── Material provided
text \<open>m-homotopy between chain maps F, G: (C,d) -> (C',d') of matrix factorizations
  (d of bidegree (k,0)): H = sum_{i >= -m} h_i, h_i of bidegree (-k,i), F - G = H d + d' H.\<close>
definition mf_homotopy ::
  "('r::comm_ring_1 \<Rightarrow> 'm::ab_group_add \<Rightarrow> 'm) \<Rightarrow> ('r \<Rightarrow> 'n::ab_group_add \<Rightarrow> 'n) \<Rightarrow>
   (int \<times> int \<Rightarrow> 'm \<Rightarrow> 'm) \<Rightarrow> ('m \<Rightarrow> 'm) \<Rightarrow> (int \<times> int \<Rightarrow> 'n \<Rightarrow> 'n) \<Rightarrow> ('n \<Rightarrow> 'n) \<Rightarrow>
   int \<Rightarrow> int \<Rightarrow> (nat \<Rightarrow> 'm \<Rightarrow> 'n) \<Rightarrow> (nat \<Rightarrow> 'm \<Rightarrow> 'n) \<Rightarrow> (int \<Rightarrow> 'm \<Rightarrow> 'n) \<Rightarrow> bool" where
  "mf_homotopy sm sn p d q d' k m f g h \<longleftrightarrow>
     (\<forall>i. i < - m \<longrightarrow> h i = (\<lambda>x. 0)) \<and>
     (\<forall>i. lin_hom sm sn p q (- k, i) (h i)) \<and>
     (\<forall>x. finite {i. h i x \<noteq> 0}) \<and>
     (\<forall>x. total f x - total g x = total h (d x) + d' (total h x))"

definition mf_homotopic ::
  "('r::comm_ring_1 \<Rightarrow> 'm::ab_group_add \<Rightarrow> 'm) \<Rightarrow> ('r \<Rightarrow> 'n::ab_group_add \<Rightarrow> 'n) \<Rightarrow>
   (int \<times> int \<Rightarrow> 'm \<Rightarrow> 'm) \<Rightarrow> ('m \<Rightarrow> 'm) \<Rightarrow> (int \<times> int \<Rightarrow> 'n \<Rightarrow> 'n) \<Rightarrow> ('n \<Rightarrow> 'n) \<Rightarrow>
   int \<Rightarrow> int \<Rightarrow> (nat \<Rightarrow> 'm \<Rightarrow> 'n) \<Rightarrow> (nat \<Rightarrow> 'm \<Rightarrow> 'n) \<Rightarrow> bool" where
  "mf_homotopic sm sn p d q d' k m f g \<longleftrightarrow> (\<exists>h. mf_homotopy sm sn p d q d' k m f g h)"

text \<open>Grading shift M{i,j}: degree (a,b) in M becomes (a+i,b+j).\<close>
definition shift_grading :: "(int \<times> int \<Rightarrow> 'm \<Rightarrow> 'm) \<Rightarrow> int \<times> int \<Rightarrow> int \<times> int \<Rightarrow> 'm \<Rightarrow> 'm" where
  "shift_grading p s = (\<lambda>g. p (g - s))"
────
**Exercise:** Once more, print all the records exactly.

**Output:**
text \<open>m-homotopy between chain maps F, G: (C,d) -> (C',d') of matrix factorizations
  (d of bidegree (k,0)): H = sum_{i >= -m} h_i, h_i of bidegree (-k,i), F - G = H d + d' H.\<close>
definition mf_homotopy ::
  "('r::comm_ring_1 \<Rightarrow> 'm::ab_group_add \<Rightarrow> 'm) \<Rightarrow> ('r \<Rightarrow> 'n::ab_group_add \<Rightarrow> 'n) \<Rightarrow>
   (int \<times> int \<Rightarrow> 'm \<Rightarrow> 'm) \<Rightarrow> ('m \<Rightarrow> 'm) \<Rightarrow> (int \<times> int \<Rightarrow> 'n \<Rightarrow> 'n) \<Rightarrow> ('n \<Rightarrow> 'n) \<Rightarrow>
   int \<Rightarrow> int \<Rightarrow> (nat \<Rightarrow> 'm \<Rightarrow> 'n) \<Rightarrow> (nat \<Rightarrow> 'm \<Rightarrow> 'n) \<Rightarrow> (int \<Rightarrow> 'm \<Rightarrow> 'n) \<Rightarrow> bool" where
  "mf_homotopy sm sn p d q d' k m f g h \<longleftrightarrow>
     (\<forall>i. i < - m \<longrightarrow> h i = (\<lambda>x. 0)) \<and>
     (\<forall>i. lin_hom sm sn p q (- k, i) (h i)) \<and>
     (\<forall>x. finite {i. h i x \<noteq> 0}) \<and>
     (\<forall>x. total f x - total g x = total h (d x) + d' (total h x))"

definition mf_homotopic ::
  "('r::comm_ring_1 \<Rightarrow> 'm::ab_group_add \<Rightarrow> 'm) \<Rightarrow> ('r \<Rightarrow> 'n::ab_group_add \<Rightarrow> 'n) \<Rightarrow>
   (int \<times> int \<Rightarrow> 'm \<Rightarrow> 'm) \<Rightarrow> ('m \<Rightarrow> 'm) \<Rightarrow> (int \<times> int \<Rightarrow> 'n \<Rightarrow> 'n) \<Rightarrow> ('n \<Rightarrow> 'n) \<Rightarrow>
   int \<Rightarrow> int \<Rightarrow> (nat \<Rightarrow> 'm \<Rightarrow> 'n) \<Rightarrow> (nat \<Rightarrow> 'm \<Rightarrow> 'n) \<Rightarrow> bool" where
  "mf_homotopic sm sn p d q d' k m f g \<longleftrightarrow> (\<exists>h. mf_homotopy sm sn p d q d' k m f g h)"

text \<open>Grading shift M{i,j}: degree (a,b) in M becomes (a+i,b+j).\<close>
definition shift_grading :: "(int \<times> int \<Rightarrow> 'm \<Rightarrow> 'm) \<Rightarrow> int \<times> int \<Rightarrow> int \<times> int \<Rightarrow> 'm \<Rightarrow> 'm" where
  "shift_grading p s = (\<lambda>g. p (g - s))"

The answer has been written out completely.